Where I’ve Been For The Past Few Months or Oh My God, The First Trimester Is A Strange Ol’ Time.

S’been a while. If you follow me on Instagram, you’ll have seen I made a bit of an announcement a couple of weeks ago about what I’ve been up to for the past few months.

 

Yep! Baby no.2 is on the way next year. I have spent the last three months mostly laying horizontally on my bed or the sofa and wondering why I’ve done this to myself whilst having Elliot laying or sitting on me giving me a Pokemon quiz.

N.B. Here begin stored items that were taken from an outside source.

(* Let $q$ be a prime power, $\eta\ge0$ an integer, $(\delta_T,\delta_X)\in\mathbb{Z}\times\mathbb{N}$ with $\delta=\delta_T+\eta\delta_X\ge0$. Then: (1) the map $p$ (defined in the context) induces a bijection from the quotient set $\mathcal{P}(\delta_T,\delta_X)/\equiv$ onto $\mathcal{K}(\delta_T,\delta_X)$; (2) $\mathcal{K}(\delta_T,\delta_X)$ is a set of representatives of $\mathcal{P}(\delta_T,\delta_X)$ under $\equiv$; (3) $\Delta(\delta_T,\delta_X)=\{M(\alpha,\beta):(\alpha,\beta)\in\mathcal{K}(\delta_T,\delta_X)\}$ is a set of representatives of the set of monomials of bidegree $(\delta_T,\delta_X)$ under $\equiv$.
   Context: $R=\mathbb{F}_q[T_1,T_2,X_1,X_2]$; the bidegree of $T_1^{c_1}T_2^{c_2}X_1^{d_1}X_2^{d_2}$ is $(c_1+c_2-\eta d_1,d_1+d_2)$. The Hirzebruch surface $\mathcal{H}_\eta$ is the quotient of $(\mathbb{A}^2\setminus\{0\})^2$ by $\mathbb{G}_m^2$ acting by $(\lambda,\mu)\cdot(t_1,t_2,x_1,x_2)=(\lambda t_1,\lambda t_2,\mu\lambda^{-\eta}x_1,\mu x_2)$; each $\mathbb{F}_q$-point has a unique representative of the form $(1,a,1,b)$, $(0,1,1,b)$, $(1,a,0,1)$ or $(0,1,0,1)$ ($a,b\in\mathbb{F}_q$), where polynomials are evaluated. Two monomials of bidegree $(\delta_T,\delta_X)$ are equivalent ($\equiv$) if they take the same value at every $\mathbb{F}_q$-point. $\mathcal{P}(\delta_T,\delta_X)=\{(a,b)\in\mathbb{N}^2: a\le\delta_X,\ \eta a+b\le\delta\}$; for $(d_2,c_2)\in\mathcal{P}(\delta_T,\delta_X)$, $M(d_2,c_2)=T_1^{\delta-\eta d_2-c_2}T_2^{c_2}X_1^{\delta_X-d_2}X_2^{d_2}$ (a bijection onto the monomials of bidegree $(\delta_T,\delta_X)$), and $(d_2,c_2)\equiv(d'_2,c'_2)$ iff $M(d_2,c_2)\equiv M(d'_2,c'_2)$. $A=\delta_X$ if $\delta_T\ge0$, $A=\delta/\eta$ if $\delta_T<0$. $\mathcal{A}_X=\{\alpha\in\mathbb{N}:\alpha\le\min(\lfloor A\rfloor,q-1)\}\cup(\{A\}\cap\mathbb{N})$, $\mathcal{K}(\delta_T,\delta_X)=\{(\alpha,\beta)\in\mathbb{N}^2:\alpha\in\mathcal{A}_X,\ \beta\le\min(\delta-\eta\alpha,q)-1\text{ or }\beta=\delta-\eta\alpha\}$. The map $p:\mathcal{P}(\delta_T,\delta_X)\to\mathcal{P}(\delta_T,\delta_X)$, $(d_2,c_2)\mapsto(d'_2,c'_2)$: $d'_2=d_2$ if $d_2=0$ or $d_2=A$, otherwise $d'_2$ is the element of $\{1,\dots,q-1\}$ congruent to $d_2$ mod $q-1$; $c'_2=0$ if $c_2=0$; $c'_2=\delta-\eta d'_2$ if $c_2=\delta-\eta d_2$; otherwise $c'_2$ is the element of $\{1,\dots,q-1\}$ congruent to $c_2$ mod $q-1$. *)

theory Defs
  imports Complex_Main "HOL-Library.Cardinality"
begin

text \<open>The field F_q is modelled by a finite field type 'a, q = CARD('a).
 A monomial T1^c1 T2^c2 X1^d1 X2^d2 is represented by its exponent tuple (c1,c2,d1,d2).\<close>

type_synonym expo = "nat \<times> nat \<times> nat \<times> nat"
lemma T_r_eq_0: "T w = 0 \<Longrightarrow> T (r (T v) w) = 0"
  using T_mult[of w v] by (simp add: bilinear_simps T.neg)

lemma T_succ_V_cong:
  assumes "T u = T u'" "T v = T v'"
  shows "T (succ_V u v) = T (succ_V u' v')"
proof -
  have "T (l (T u) (v - v')) = 0"
    using assms by (simp add: T_l_eq_0 T.diff)
  then show ?thesis
    using assms by (simp add: succ_V_def T.neg T.diff bilinear_simps)
qed

lemma T_prec_V_cong:
  assumes "T u = T u'" "T v = T v'"
  shows "T (prec_V u v) = T (prec_V u' v')"
proof -
  have "T (r (T v) (u - u')) = 0"
    using assms by (simp add: T_r_eq_0 T.diff)
  then show ?thesis
    using assms by (simp add: prec_V_def T.neg T.diff bilinear_simps)
qed

lemma anti_pre_Leibniz_on_range_T:
  assumes "strong_anti_O_operator sA sV mA l r T"
  shows "\<exists>scA prA. (\<forall>u v. scA (T u) (T v) = T (succ_V u v) \<and> prA (T u) (T v) = T (prec_V u v))
      \<and> anti_pre_Leibniz_on sA (range T) scA prA"
proof -
  obtain scA where scA: "\<And>u v. scA (T u) (T v) = T (succ_V u v)"
    using induced_operation_on_range[of T succ_V] T_succ_V_cong by blast
  obtain prA where prA: "\<And>u v. prA (T u) (T v) = T (prec_V u v)"
    using induced_operation_on_range[of T prec_V] T_prec_V_cong by blast
  have "anti_pre_Leibniz_on sV UNIV succ_V prec_V"
    using anti_pre_Leibniz_on_V_iff_strong assms ..
  then have "anti_pre_Leibniz_on sA (range T) scA prA"
    by (rule anti_pre_Leibniz_on_range[OF T_linear]) (simp_all add: scA prA)
  with scA prA show ?thesis
    by blast
qed

end

locale Leibniz_anti_O_char_0 = Leibniz_anti_O sA sV mA l r T
  for sA :: "'k::field_char_0 \<Rightarrow> 'a::ab_group_add \<Rightarrow> 'a" and sV :: "'k \<Rightarrow> 'v::ab_group_add \<Rightarrow> 'v"
    and mA l r T
begin

lemma Leibniz_algebra_circ_V_iff_strong:
  "Leibniz_algebra sV circ_V \<longleftrightarrow> strong_anti_O_operator sA sV mA l r T"
proof -
  have "circ_V u (circ_V v w) = circ_V (circ_V u v) w + circ_V v (circ_V u w)
      \<longleftrightarrow> strong_defect u v w = 0" for u v w
    using Leibniz_defect_eq[of u v w] vector_space_double_eq_zero_iff[OF T.vs1.vector_space_axioms]
    by (metis eq_iff_diff_eq_0)
  then show ?thesis
    unfolding Leibniz_algebra_def strong_iff_defect_zero
    by (simp add: T.vs1.vector_space_axioms bilinear_circ_V)
qed

end

theorem proposition2p9:
  fixes sA :: "'k::field_char_0 \<Rightarrow> 'a::ab_group_add \<Rightarrow> 'a"
    and sV :: "'k \<Rightarrow> 'v::ab_group_add \<Rightarrow> 'v"
    and mA :: "'a \<Rightarrow> 'a \<Rightarrow> 'a"
    and l r :: "'a \<Rightarrow> 'v \<Rightarrow> 'v"
    and T :: "'v \<Rightarrow> 'a"
    and scV prV :: "'v \<Rightarrow> 'v \<Rightarrow> 'v"
  assumes finA: "fin_dim_vs sA" and finV: "fin_dim_vs sV"
    and Leib: "Leibniz_algebra sA mA"
    and rep: "Leibniz_representation sA sV mA l r"
    and Top: "anti_O_operator sA sV mA l r T"
    and scV_def: "\<And>u v. scV u v = - l (T u) v"
    and prV_def: "\<And>u v. prV u v = - r (T v) u"
  shows
    "(AL2_on UNIV scV prV \<and> AL3_on UNIV scV prV \<and> AL4_on UNIV scV prV)
     \<and> (anti_pre_Leibniz_on sV UNIV scV prV \<longleftrightarrow> strong_anti_O_operator sA sV mA l r T)
     \<and> (Leibniz_algebra sV (\<lambda>u v. scV u v + prV u v) \<longleftrightarrow> strong_anti_O_operator sA sV mA l r T)
     \<and> (strong_anti_O_operator sA sV mA l r T \<longrightarrow>
          (\<forall>u v. T (scV u v + prV u v) = mA (T u) (T v))
          \<and> (\<forall>u v u' v'. T u = T u' \<longrightarrow> T v = T v' \<longrightarrow>
                T (scV u v) = T (scV u' v') \<and> T (prV u v) = T (prV u' v'))
          \<and> (\<exists>scA prA. (\<forall>u v. scA (T u) (T v) = T (scV u v) \<and> prA (T u) (T v) = T (prV u v))
                \<and> anti_pre_Leibniz_on sA (range T) scA prA))"
proof -
  interpret Leibniz_anti_O_char_0 sA sV mA l r T
    by unfold_locales (fact Leib rep Top)+
  have "scV = succ_V" and "prV = prec_V"
    by (simp_all add: fun_eq_iff scV_def prV_def succ_V_def prec_V_def)
  then show ?thesis
    using AL2_on_V AL3_on_V AL4_on_V anti_pre_Leibniz_on_V_iff_strong Leibniz_algebra_circ_V_iff_strong
      T_circ_V T_succ_V_cong T_prec_V_cong anti_pre_Leibniz_on_range_T by blast
qed

end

I’m now in Week 16 and can confirm I feel much more alive that I did this time last month, and can finally bear to open my laptop and type some words. Trust me, I’ve not even been able to think about blogging over the past few weeks and I’ve felt dreadful for it.

It was very exciting today to finally have a sit down in a cafe with a tea and actually write something down on paper that wasn’t just “I feel sick” repeatedly for four pages.

Anyway, let me tell you what I’ve been up to recently. Or, the weird shit that’s been going on for the past few months.

  • I have been weeing approximately 49 thousand times an hour, through the day and night. I started to convince myself that I’d got a raging UTI confused with pregnancy and spent hours at night, between getting up to go to the toilet fifty million times, remembering a Reddit thread I once read about a guy who pissed on a pregnancy test and found out he was seriously ill. Add into that the fact I bloated like Violet Beauregarde from about 10 weeks and had to give up on my jeans pretty quickly, I was living in DUNGAREES and WEEING EVERY THIRTY SECONDS. 😐

 

  • I have been crying approximately 52 thousand times a day. I sobbed my heart out to Reece day after day for literally no reason in particular. The man deserves a medal as I would not have put up with myself. As he said to me the other day, when reminding me how to keep the heating at the optimum level, “you’re quite…delicate at the moment.” I spent the first six weeks of pregnancy convinced everyone was going to hate me and that I’d ruined our lives and everyone’s around us. I also texted him through a sheen of tears one morning as Radio 1 were playing Fix You by Coldplay and it was too much for me to handle. I fucking hate Coldplay, so he did laugh at me for that one.

 

  • My boobs expanded like balloons, and they hurt so much. SO MUCH. It reached the point where during the day, I’d have to wear my sports bra even though no exercise was taking place and when Elliot climbed into bed with us he’d lay directly on my nipple and make me scream. Because yes, they were that big they were practically taking up half the bed on their own.

 

  • I realised I was a terrible liar. From people drunkenly shouting “You’re PREGNANT” at me literally the day I found out because I wasn’t drinking espresso martinis like they were going out of fashion and me having to run away because I didn’t know what to say, to fashioning a mystery illness out of nowhere to explain why I was having a variety of appointments  so that my family could look after Elliot. That one ended with my mum questioning me over the dinner table about “headaches” I’d been suffering from to the point where I wanted to slide under the table and into the Underworld to get away from it all.

 

  • The exhaustion has never been so intense. Me, the queen of planning, decided to fall pregnant just before the summer holidays began. We had a fair few “movie afternoons” where Elliot would settle down to watch some crappy film and I’d have a nice hour’s snooze. I have no idea what happens in the Emoji Movie and even James McAvoy couldn’t keep me awake for Sherlock Gnomes. We even went on a day trip to Diggerland which consisted of Reece and Elliot riding random JCB’s around whilst I sat on a variety of benches waving weakly at them, trying to keep my eyes open.

 

The worst bit is whilst this is all going on, you can’t even tell anyone how you’re feeling as it’s “bad luck” and you don’t want to jinx anything. So you sit in silence and Google “boob sore 8 weeks pregnant help me” in Incognito mode when you’re home alone. More than that, you also just feel like you’ve got the beginnings of a strange sickness bug rather than anything more exciting.

(Spoiler alert: I’m now 16 weeks and I know there’s something in there as I’ve seen them twice. I’m feeling slightly more alive, which is why I’m able to sit here and actually write something! The only downside is that my body seems to be preparing for a baby already and waking me up at 5:30am every single morning for a wee, and I can never drop back off.)

I cannot wait to finally be posting more – see you soon!